The Organized Crime Units' Sensitive Investigative Unit (SIU) was
created with a similar mission in mind: to identify, investigate and
arrest leaders and members of the major drug trafficking organizations
operating throughout Mexico. Although the SIU was one of the first
counter-narcotics units to conduct court-authorized telephone
intercepts under the new Organized Crime Law, there has been little
success. The discovery during the last several months that significant
drug-related corruption existed among law enforcement officials
working in Mexico's OCU and SIU has been a major setback. These
allegations of corruption were further corroborated during recent
polygraph examinations which reflected deception on the part of the
OCU and SIU members. Such corruption has damaged drug investigations
in which the DEA provided support to the vetted units. This represents
a serious setback to the vision of rebuilding the counter-narcotics
units from the defunct units of the past, and causes great concern for
the sharing of sensitive law enforcement information.

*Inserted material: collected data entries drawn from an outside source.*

lemma spectral_radius_smult_le:
  assumes A: "(A :: complex mat) \<in> carrier_mat n n" and n: "n > 0" and c: "c > 0"
  shows "spectral_radius (complex_of_real c \<cdot>\<^sub>m A) \<le> c * spectral_radius A"
proof -
  have cA: "complex_of_real c \<cdot>\<^sub>m A \<in> carrier_mat n n"
    using A by simp
  obtain mu where mu: "mu \<in> spectrum (complex_of_real c \<cdot>\<^sub>m A)"
    and rho: "spectral_radius (complex_of_real c \<cdot>\<^sub>m A) = norm mu"
    using spectral_radius_mem_max(1)[OF cA n] by auto
  obtain v where "eigenvector (complex_of_real c \<cdot>\<^sub>m A) v mu"
    using mu unfolding spectrum_def eigenvalue_def by auto
  then have v: "v \<in> carrier_vec n" "v \<noteq> 0\<^sub>v n" and ev: "(complex_of_real c \<cdot>\<^sub>m A) *\<^sub>v v = mu \<cdot>\<^sub>v v"
    unfolding eigenvector_def using A by auto
  have "A *\<^sub>v v = (mu / complex_of_real c) \<cdot>\<^sub>v v"
  proof (rule eq_vecI)
    fix i
    assume "i < dim_vec ((mu / complex_of_real c) \<cdot>\<^sub>v v)"
    then have i: "i < n" using v by auto
    have "complex_of_real c * (row A i \<bullet> v) = mu * v $ i"
      using arg_cong[OF ev, of "\<lambda>u. u $ i"] i A v
      by (simp add: row_def scalar_prod_def sum_distrib_left mult.assoc)
    then show "(A *\<^sub>v v) $ i = ((mu / complex_of_real c) \<cdot>\<^sub>v v) $ i"
      using i A v c by (simp add: field_simps)
  qed (use A v in auto)
  then have "mu / complex_of_real c \<in> spectrum A"
    using v A unfolding spectrum_def eigenvalue_def eigenvector_def by auto
  then have "norm (mu / complex_of_real c) \<le> spectral_radius A"
    using spectral_radius_mem_max(2)[OF A n] by auto
  then have "norm mu / c \<le> spectral_radius A"
    using c by (simp add: norm_divide)
  then show ?thesis
    using rho c by (simp add: field_simps)
qed

lemma abs_quadratic_form_le_entry_bound:
  fixes M :: "real mat"
  assumes M: "M \<in> carrier_mat n n" and w: "w \<in> carrier_vec n"
    and bound: "\<And>i j. i < n \<Longrightarrow> j < n \<Longrightarrow> \<bar>M $$ (i,j)\<bar> \<le> c"
  shows "\<bar>w \<bullet> (M *\<^sub>v w)\<bar> \<le> c * (\<Sum>i<n. \<bar>w$i\<bar>)^2"
proof -
  have "\<bar>w \<bullet> (M *\<^sub>v w)\<bar> \<le> (\<Sum>i<n. \<Sum>j<n. \<bar>w$i * M$$(i,j) * w$j\<bar>)"
    unfolding quadratic_form_sum[OF M w]
    by (rule order.trans[OF sum_abs sum_mono[OF sum_abs]])
  also have "\<dots> \<le> (\<Sum>i<n. \<Sum>j<n. \<bar>w$i\<bar> * c * \<bar>w$j\<bar>)"
    by (intro sum_mono) (auto simp: abs_mult intro!: mult_right_mono mult_left_mono bound)
  also have "\<dots> = c * (\<Sum>i<n. \<bar>w$i\<bar>)^2"
    by (simp add: power2_eq_square sum_distrib_left sum_distrib_right mult_ac)
  finally show ?thesis .
qed

lemma quadratic_form_pow_bounded:
  fixes C :: "real mat"
  assumes C: "C \<in> carrier_mat n n" and w: "w \<in> carrier_vec n"
    and rho: "spectral_radius (map_mat complex_of_real C) < 1"
  shows "\<exists>c. \<forall>k. \<bar>w \<bullet> ((C ^\<^sub>m k) *\<^sub>v w)\<bar> \<le> c"
proof -
  obtain c where c: "\<And>k. norm_bound (map_mat complex_of_real C ^\<^sub>m k) c"
    using spectral_radius_jnf_norm_bound_less_1_upper_triangular[OF _ rho] C by fastforce
  have "\<bar>(C ^\<^sub>m k) $$ (i,j)\<bar> \<le> c" if "i < n" "j < n" for i j k
  proof -
    have "map_mat complex_of_real C ^\<^sub>m k = map_mat complex_of_real (C ^\<^sub>m k)"
      by (rule of_real_hom.mat_hom_pow[OF C, symmetric])
    with c[of k] that C show ?thesis
      unfolding norm_bound_def by auto
  qed
  then have "\<bar>w \<bullet> ((C ^\<^sub>m k) *\<^sub>v w)\<bar> \<le> c * (\<Sum>i<n. \<bar>w$i\<bar>)^2" for k
    using C w by (intro abs_quadratic_form_le_entry_bound) auto
  then show ?thesis
    by blast
qed

lemma quadratic_form_pow2_square_le:
  fixes C :: "real mat"
  assumes C: "C \<in> carrier_mat n n" and sym: "transpose_mat C = C" and w: "w \<in> carrier_vec n"
  shows "(w \<bullet> ((C ^\<^sub>m (2^k)) *\<^sub>v w))^2 \<le> (w \<bullet> w) * (w \<bullet> ((C ^\<^sub>m (2^Suc k)) *\<^sub>v w))"
proof -
  define M where "M = C ^\<^sub>m (2^k)"
  have M: "M \<in> carrier_mat n n" and M_sym: "transpose_mat M = M"
    unfolding M_def using C transpose_pow_mat_symmetric[OF C sym] by auto
  have "C ^\<^sub>m (2^Suc k) = M * M"
    unfolding M_def using pow_mat_add[OF C, of "2^k" "2^k"] by (simp add: mult_2)
  then show ?thesis
    using quadratic_form_square_le[OF M M_sym w] unfolding M_def by simp
qed

(* The powers of C stay bounded, whereas Cauchy-Schwarz makes w.C^(2^k)w grow doubly
   exponentially as soon as |w.Cw| > w.w. *)
lemma abs_quadratic_form_le_if_spectral_radius_less_1:
  fixes C :: "real mat"
  assumes C: "C \<in> carrier_mat n n" and sym: "transpose_mat C = C" and w: "w \<in> carrier_vec n"
    and rho: "spectral_radius (map_mat complex_of_real C) < 1"
  shows "\<bar>w \<bullet> (C *\<^sub>v w)\<bar> \<le> w \<bullet> w"
proof (rule ccontr)
  assume "\<not> ?thesis"
  then have gt: "w \<bullet> w < \<bar>w \<bullet> (C *\<^sub>v w)\<bar>" by simp
  have "w \<bullet> w \<ge> 0"
    using w by (simp add: scalar_prod_sum power2_eq_square[symmetric] sum_nonneg)
  moreover have "w \<bullet> w \<noteq> 0"
  proof
    assume "w \<bullet> w = 0"
    then have "\<forall>i\<in>{..<n}. (w$i)^2 = 0"
      using w by (simp add: scalar_prod_sum power2_eq_square[symmetric] sum_nonneg_eq_0_iff)
    then have "w \<bullet> (C *\<^sub>v w) = 0"
      by (simp add: quadratic_form_sum[OF C w])
    with gt \<open>w \<bullet> w = 0\<close> show False
      by simp
  qed
  ultimately have N: "w \<bullet> w > 0"
    by simp
  obtain c where bounded: "\<And>k. \<bar>w \<bullet> ((C ^\<^sub>m k) *\<^sub>v w)\<bar> \<le> c"
    using quadratic_form_pow_bounded[OF C w rho] by blast
  define f where "f k = w \<bullet> ((C ^\<^sub>m (2^k)) *\<^sub>v w)" for k
  have "f 0 = w \<bullet> (C *\<^sub>v w)"
    unfolding f_def using C by simp
  then have "(\<bar>f 0\<bar> / (w \<bullet> w)) * (w \<bullet> w) \<le> \<bar>f 0\<bar>" and "\<bar>f 0\<bar> / (w \<bullet> w) > 1"
    using N gt by simp_all
  moreover have "(f k)^2 \<le> (w \<bullet> w) * f (Suc k)" for k
    unfolding f_def by (rule quadratic_form_pow2_square_le[OF C sym w])
  ultimately obtain k where "\<bar>f k\<bar> > c"
    using doubling_sequence_unbounded[OF N] by blast
  with bounded[of "2^k"] show False
    unfolding f_def by simp
qed

lemma abs_quadratic_form_le_spectral_radius:
  fixes B :: "real mat"
  assumes B: "B \<in> carrier_mat n n" and sym: "transpose_mat B = B" and w: "w \<in> carrier_vec n"
  shows "\<bar>w \<bullet> (B *\<^sub>v w)\<bar> \<le> spectral_radius (map_mat complex_of_real B) * (w \<bullet> w)"
proof (cases "n = 0")
  case True
  then show ?thesis
    using w B by (simp add: scalar_prod_sum[of _ 0])
next
  case False
  let ?rho = "spectral_radius (map_mat complex_of_real B)"
  have rho: "?rho \<ge> 0"
    using B False by (intro spectral_radius_nonneg[of _ n]) auto
  have N: "w \<bullet> w \<ge> 0"
    using w by (simp add: scalar_prod_sum power2_eq_square[symmetric] sum_nonneg)
  have scaled: "\<bar>w \<bullet> (B *\<^sub>v w)\<bar> \<le> r * (w \<bullet> w)" if r: "?rho < r" for r
  proof -
    have r0: "r > 0" using rho r by simp
    define C where "C = (1/r) \<cdot>\<^sub>m B"
    have C: "C \<in> carrier_mat n n"
      unfolding C_def using B by simp
    have "transpose_mat C = (1/r) \<cdot>\<^sub>m transpose_mat B"
      unfolding C_def by (rule eq_matI) auto
    then have C_sym: "transpose_mat C = C"
      using sym unfolding C_def by simp
    have "map_mat complex_of_real C = complex_of_real (1/r) \<cdot>\<^sub>m map_mat complex_of_real B"
      unfolding C_def by (rule eq_matI) auto
    then have "spectral_radius (map_mat complex_of_real C) \<le> (1/r) * ?rho"
      using spectral_radius_smult_le[of _ n "1/r"] B False r0 by simp
    also have "\<dots> < 1"
      using r r0 by (simp add: field_simps)
    finally have "\<bar>w \<bullet> (C *\<^sub>v w)\<bar> \<le> w \<bullet> w"
      by (rule abs_quadratic_form_le_if_spectral_radius_less_1[OF C C_sym w])
    moreover have "w \<bullet> (C *\<^sub>v w) = (w \<bullet> (B *\<^sub>v w)) / r"
      unfolding quadratic_form_sum[OF C w] quadratic_form_sum[OF B w] sum_divide_distrib
      using B by (intro sum.cong refl) (simp add: C_def)
    ultimately show ?thesis
      using r0 by (simp add: abs_div field_simps)
  qed
  show ?thesis
  proof (rule field_le_epsilon)
    fix e :: real
    assume e: "e > 0"
    show "\<bar>w \<bullet> (B *\<^sub>v w)\<bar> \<le> ?rho * (w \<bullet> w) + e"
    proof (cases "w \<bullet> w = 0")
      case True
      then show ?thesis using scaled[of "?rho + 1"] e by simp
    next
      case False
      then have "\<bar>w \<bullet> (B *\<^sub>v w)\<bar> \<le> (?rho + e / (w \<bullet> w)) * (w \<bullet> w)"
        using scaled e N by simp
      also have "\<dots> = ?rho * (w \<bullet> w) + e"
        using False by (simp add: distrib_right)
      finally show ?thesis .
    qed
  qed
qed

lemma complex_quadratic_form_real_symmetric:
  fixes B :: "real mat" and v :: "complex vec"
  assumes B: "B \<in> carrier_mat n n" and sym: "transpose_mat B = B" and v: "v \<in> carrier_vec n"
  defines "a \<equiv> vec n (\<lambda>i. Re (v$i))" and "b \<equiv> vec n (\<lambda>i. Im (v$i))"
  shows "(\<Sum>i<n. cnj (v$i) * (map_mat complex_of_real B *\<^sub>v v)$i)
    = complex_of_real (a \<bullet> (B *\<^sub>v a) + b \<bullet> (B *\<^sub>v b))"
    (is "?L = _")
proof -
  have a: "a \<in> carrier_vec n" and b: "b \<in> carrier_vec n"
    unfolding a_def b_def by auto
  have L: "?L = (\<Sum>i<n. \<Sum>j<n. cnj (v$i) * (complex_of_real (B$$(i,j)) * v$j))"
    using B v by (intro sum.cong refl) (auto simp: scalar_prod_def sum_distrib_left atLeast0LessThan)
  have "Re ?L = a \<bullet> (B *\<^sub>v a) + b \<bullet> (B *\<^sub>v b)"
    unfolding L Re_sum quadratic_form_sum[OF B a] quadratic_form_sum[OF B b]
      sum.distrib[symmetric]
    by (intro sum.cong refl) (simp add: a_def b_def algebra_simps)
  moreover have "Im ?L = 0"
  proof -
    have B_swap: "B$$(j,i) = B$$(i,j)" if "i < n" "j < n" for i j
      using that B arg_cong[OF sym, of "\<lambda>M. M $$ (i,j)"] by simp
    have "(\<Sum>i<n. \<Sum>j<n. B$$(i,j) * (Im (v$i) * Re (v$j)))
        = (\<Sum>j<n. \<Sum>i<n. B$$(i,j) * (Im (v$i) * Re (v$j)))"
      by (rule sum.swap)
    also have "\<dots> = (\<Sum>i<n. \<Sum>j<n. B$$(i,j) * (Re (v$i) * Im (v$j)))"
      by (intro sum.cong refl) (auto simp: B_swap mult_ac)
    finally show ?thesis
      unfolding L Im_sum sum_subtractf[symmetric]
      by (simp add: algebra_simps sum_subtractf)
  qed
  ultimately show ?thesis
    by (simp add: complex_eq_iff)
qed

lemma spectral_radius_real_symmetric_attained:
  fixes B :: "real mat"
  assumes B: "B \<in> carrier_mat n n" and sym: "transpose_mat B = B" and n: "n > 0"
  obtains a b where "a \<in> carrier_vec n" "b \<in> carrier_vec n" "a \<bullet> a + b \<bullet> b > 0"
    "spectral_radius (map_mat complex_of_real B) * (a \<bullet> a + b \<bullet> b)
      = \<bar>a \<bullet> (B *\<^sub>v a) + b \<bullet> (B *\<^sub>v b)\<bar>"
proof -
  define A where "A = map_mat complex_of_real B"
  have A: "A \<in> carrier_mat n n" using B unfolding A_def by simp
  obtain lam where lam: "lam \<in> spectrum A" and rho: "spectral_radius A = norm lam"
    using spectral_radius_mem_max(1)[OF A n] by auto
  obtain v where "eigenvector A v lam"
    using lam unfolding spectrum_def eigenvalue_def by auto
  then have v: "v \<in> carrier_vec n" "v \<noteq> 0\<^sub>v n" and ev: "A *\<^sub>v v = lam \<cdot>\<^sub>v v"
    unfolding eigenvector_def using A by auto
  define a where "a = vec n (\<lambda>i. Re (v$i))"
  define b where "b = vec n (\<lambda>i. Im (v$i))"
  define N where "N = a \<bullet> a + b \<bullet> b"
  have N_sum: "N = (\<Sum>i<n. (Re (v$i))^2 + (Im (v$i))^2)"
    unfolding N_def a_def b_def scalar_prod_def
    by (simp add: power2_eq_square sum.distrib atLeast0LessThan)
  have "N > 0"
  proof -
    obtain i where i: "i < n" "v$i \<noteq> 0"
      using v by (metis carrier_vecD eq_vecI index_zero_vec(1,2))
    then have "0 < (Re (v$i))^2 + (Im (v$i))^2"
      by (auto simp: sum_power2_gt_zero_iff complex_eq_iff)
    also have "\<dots> \<le> N"
      unfolding N_sum using i by (intro member_le_sum) auto
    finally show ?thesis .
  qed
  have "(\<Sum>i<n. cnj (v$i) * (A *\<^sub>v v)$i) = lam * complex_of_real N"
  proof -
    have "(\<Sum>i<n. cnj (v$i) * (A *\<^sub>v v)$i) = lam * (\<Sum>i<n. v$i * cnj (v$i))"
      unfolding ev sum_distrib_left using v by (intro sum.cong) auto
    then show ?thesis
      unfolding N_sum complex_mult_cnj by (simp add: sum.distrib)
  qed
  then have "lam * complex_of_real N = complex_of_real (a \<bullet> (B *\<^sub>v a) + b \<bullet> (B *\<^sub>v b))"
    using complex_quadratic_form_real_symmetric[OF B sym v(1)] unfolding A_def a_def b_def by simp
  then have "norm lam * N = \<bar>a \<bullet> (B *\<^sub>v a) + b \<bullet> (B *\<^sub>v b)\<bar>"
    using arg_cong[of _ _ norm] \<open>N > 0\<close> by (metis abs_of_pos norm_mult norm_of_real)
  moreover have "a \<in> carrier_vec n" "b \<in> carrier_vec n"
    unfolding a_def b_def by auto
  moreover have "spectral_radius (map_mat complex_of_real B) = norm lam"
    using rho unfolding A_def .
  ultimately show ?thesis
    using that[of a b] \<open>N > 0\<close> unfolding N_def by simp
qed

Anti-Corruption Initiatives: The ability of any government to attack
powerful criminal organizations is dependent upon the existence of
honest, dedicated law enforcement professionals. To attain this goal,
meaningful anti-corruption initiatives which lead to sound criminal
investigations and prosecutions of corrupt officials must be
aggressively pursued. Only when implementation of these measures
results in widespread behavioral changes can success be realized by a
honest cadre of law enforcement officials against the major Mexican
drug trafficking mafias.

Last year we were hopeful that a number of integrity assurance
programs initiated in concert with law enforcement officials in Mexico
would improve our ability to share information. In fairness, we also
recognized that this was a difficult undertaking and would require a
substantial period of time. Regretfully, when it became known that
high level officials of the vetted Organized Crime Unit were
associated with key lieutenants of one of Mexico's most powerful drug
trafficking organizations, the Carrillo Fuentes Organization, it was a
major setback for our efforts.

Examples of corruption include:

-- In June 1998, four MFJP agents were arrested near Reynosa,
Tamaulipas after they were found to be protecting tractor trailer
loads of marijuana destined for the U.S. The agents admitted to
providing protection to a Mexico-based drug syndicate responsible for
the importation of approximately 10 tons of marijuana per week.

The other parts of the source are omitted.